In the present work, the property-oriented ZPol basis set was successfully modified to yield the atomic polarizabilities of the first-row transition metals with better accuracy. The finite field ROHF results obtained for the first-row transition metal atoms show that the ZPol-A set leads to atomic polarizability results in better agreement with accurate reference data than does the standard ZPol set, while not causing any increase in the computing cost.

Next, the ZPol-A basis set was employed in finite field CCSD(T) calculation of electric dipole moments in first-row transition metal oxides. The performance of the ZPol and ZPol-A basis sets in the calculation of electric dipole moments was very good. Both sets lead to small values of RMSE calculated with respect to the literature data [35,36], and with respect to the aug-cc-pVQZ results of the present work. Calculations performed for transition metal oxides confirmed that the ZPol-A set can be safely used in the evaluation of linear electric properties.
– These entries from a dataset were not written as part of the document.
(* Let $\ell\ge 2$, $A\ge 2$ and $H\ge \ell+1$ be integers. There exists an episodic tabular MDP with $A$ actions, horizon $H$, at most $S\le 1+A^{\ell}$ states and deterministic transitions, together with a fixed initial state $s_1$, such that every fixed batching policy (for any batching horizon $B\in\{1,\dots,\ell\}$) collects an expected cumulative reward of at most $A^{-\ell/2+1}$ from $s_1$, whereas the optimal value achievable by $\ell$-step lookahead policies from $s_1$ is larger than $1/2$.
   Context: An episodic tabular MDP has finite state space $\mathcal{S}$ ($|\mathcal{S}|=S$), finite action space $\mathcal{A}$ ($|\mathcal{A}|=A$), horizon $H$, reward distributions $\mathcal{R}_h(s,a)$ supported in $[0,1]$ and transition kernels $P_h(\cdot\mid s,a)$; rewards and transitions are independent across time steps but may be arbitrarily correlated across states and actions within a step. The value of a policy is its expected cumulative reward $\mathbb{E}[\sum_{t=1}^H R_t]$. The $\ell$-step lookahead information at step $h$ in state $s$ consists of the realized rewards and next states along all trajectories from $s$ over steps $h,\dots,h+\ell_h-1$ under every deterministic Markov policy (equivalently, the realized reward and next state of every state-action pair reachable from $s$ at each of these steps), where $\ell_h=\min\{\ell,H-h+1\}$; realizations are consistent across trajectories. An $\ell$-step lookahead policy chooses $a_h$ as a function of $s_h$ and the $\ell$-step lookahead information observed at step $h$ (and the history). A fixed batching policy with batching horizon $B\le \ell$ only observes lookahead information at the predefined steps $nB+1$ ($n=0,1,\dots$): at step $nB+1$ it observes the $B$-step lookahead information from $s_{nB+1}$, and for all steps $h\in\{nB+1,\dots,(n+1)B\}$ its action depends only on $s_h$ and this information. *)

theory Defs
  imports "HOL-Probability.Probability"
begin
lemma chebU_tilde_Suc_Suc:
  "chebU_tilde (Suc (Suc n)) = [:0, 1:] * chebU_tilde (Suc n) - chebU_tilde n"
  by (simp add: chebU_tilde_def pcompose_diff pcompose_mult pcompose_pCons pcompose_smult)

lemma degree_chebU_tilde: "degree (chebU_tilde n) \<le> n"
proof -
  have "degree (chebU n) \<le> n"
  proof (induction n rule: chebU.induct)
    case (3 n)
    then show ?case
      using degree_mult_le[of "[:0, 2:]" "chebU (Suc n)"]
      by (auto intro!: degree_diff_le)
  qed simp_all
  then show ?thesis
    by (simp add: chebU_tilde_def degree_pcompose)
qed

lemma poly_chebU_tilde_2: "poly (chebU_tilde n) 2 = of_nat n + 1"
  by (induction n rule: chebU.induct)
    (simp_all add: chebU_tilde_0 chebU_tilde_1 chebU_tilde_Suc_Suc algebra_simps)

lemma poly_chebU_tilde_minus_2: "poly (chebU_tilde n) (-2) = (-1) ^ n * (of_nat n + 1)"
proof (induction n rule: chebU.induct)
  case (3 n)
  then show ?case
    by (simp only: chebU_tilde_Suc_Suc poly_diff poly_mult) (simp add: algebra_simps)
qed (simp_all add: chebU_tilde_0 chebU_tilde_1)

lemma poly_pderiv_chebU_tilde_2:
  "poly (pderiv (chebU_tilde n)) 2 = of_nat n * (of_nat n + 1) * (of_nat n + 2) / 6"
proof (induction n rule: chebU.induct)
  case (3 n)
  then show ?case
    using poly_chebU_tilde_2[of "Suc n"]
    by (simp add: chebU_tilde_Suc_Suc pderiv_diff pderiv_mult pderiv_pCons field_simps)
qed (simp_all add: chebU_tilde_0 chebU_tilde_1 pderiv_pCons)

lemma Phi_double_root_2:
  assumes "0 < n"
  shows "[:-2, 1:] ^ 2 dvd Phi n"
proof -
  obtain m where n: "n = Suc m"
    using assms gr0_implies_Suc by blast
  have "poly (Phi n) 2 = 0"
    using poly_chebU_tilde_2[of m] poly_chebU_tilde_2[of "Suc m"]
    by (simp add: n Phi_def algebra_simps)
  moreover have "poly (pderiv (Phi n)) 2 = 0"
    using poly_chebU_tilde_2[of m] poly_chebU_tilde_2[of "Suc m"]
      poly_pderiv_chebU_tilde_2[of m] poly_pderiv_chebU_tilde_2[of "Suc m"]
    by (simp only: n Phi_def pderiv_add pderiv_mult poly_add poly_mult diff_Suc_1)
      (simp add: pderiv_pCons field_simps)
  ultimately show ?thesis
    by (rule square_linear_dvd_if_poly_pderiv_eq_0)
qed
lemma transvec_mat_mult_vec:
  assumes "u \<in> carrier_vec n" "w \<in> carrier_vec n" and v: "v \<in> carrier_vec n"
  shows "transvec_mat n u w *\<^sub>v v = transvec u w v"
proof (rule eq_vecI)
  fix r assume "r < dim_vec (transvec u w v)"
  then have r: "r < n" using v by simp
  define c where "c = half * ((if r = 0 then 1 else 0) + half * u $ r)"
  have "row (transvec_mat n u w) r = unit_vec n r + u $ r \<cdot>\<^sub>v unit_vec n 0 - c \<cdot>\<^sub>v w"
    using r assms by (intro eq_vecI) (auto simp: index_transvec_mat c_def algebra_simps)
  then have "(transvec_mat n u w *\<^sub>v v) $ r = v $ r + u $ r * v $ 0 - c * (w \<bullet> v)"
    using r assms by (simp add: add_scalar_prod_distrib[of _ n] minus_scalar_prod_distrib[of _ n])
  then show "(transvec_mat n u w *\<^sub>v v) $ r = transvec u w v $ r"
    using r v by (simp add: c_def algebra_simps)
qed (use v in simp)

lemma eq_mat_by_mult_vec:
  assumes A: "A \<in> carrier_mat n n" and B: "B \<in> carrier_mat n n"
    and eq: "\<And>v. v \<in> carrier_vec n \<Longrightarrow> A *\<^sub>v v = B *\<^sub>v (v :: 'a :: semiring_1 vec)"
  shows "A = B"
proof (rule eq_matI)
  fix i j assume "i < dim_row B" "j < dim_col B"
  then have ij: "i < n" "j < n" using B by auto
  have "A $$ (i, j) = (A *\<^sub>v unit_vec n j) $ i" "B $$ (i, j) = (B *\<^sub>v unit_vec n j) $ i"
    using A B ij by simp_all
  then show "A $$ (i, j) = B $$ (i, j)" using eq[of "unit_vec n j"] by simp
qed (use A B in auto)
Finally, both basis sets were successfully employed in DFT/B3LYP calculation of the electric polarizability of porphyrin–zinc and porphyrin–zinc–thiazole complexes. Their use on the zinc atom, together with the 6-311G** basis set on other atoms, allowed us to obtain results very close to the reference values reported in this work. The differences between the results obtained using the ZPol and ZPol-A sets on the zinc atom were not large, allowing us to conclude that both sets are promising tools for calculations of electric properties in transition metal complexes. It has to be mentioned that the B3LYP functional does not include long-range corrections, and as such can lead to inaccurate results of response properties. However, this shortcoming of the B3LYP calculations becomes particularly important when theoretical results serve as predictions for experiments. The influence of long-range corrections on polarizability in the investigated porphyrin complexes will be the subject of our future study.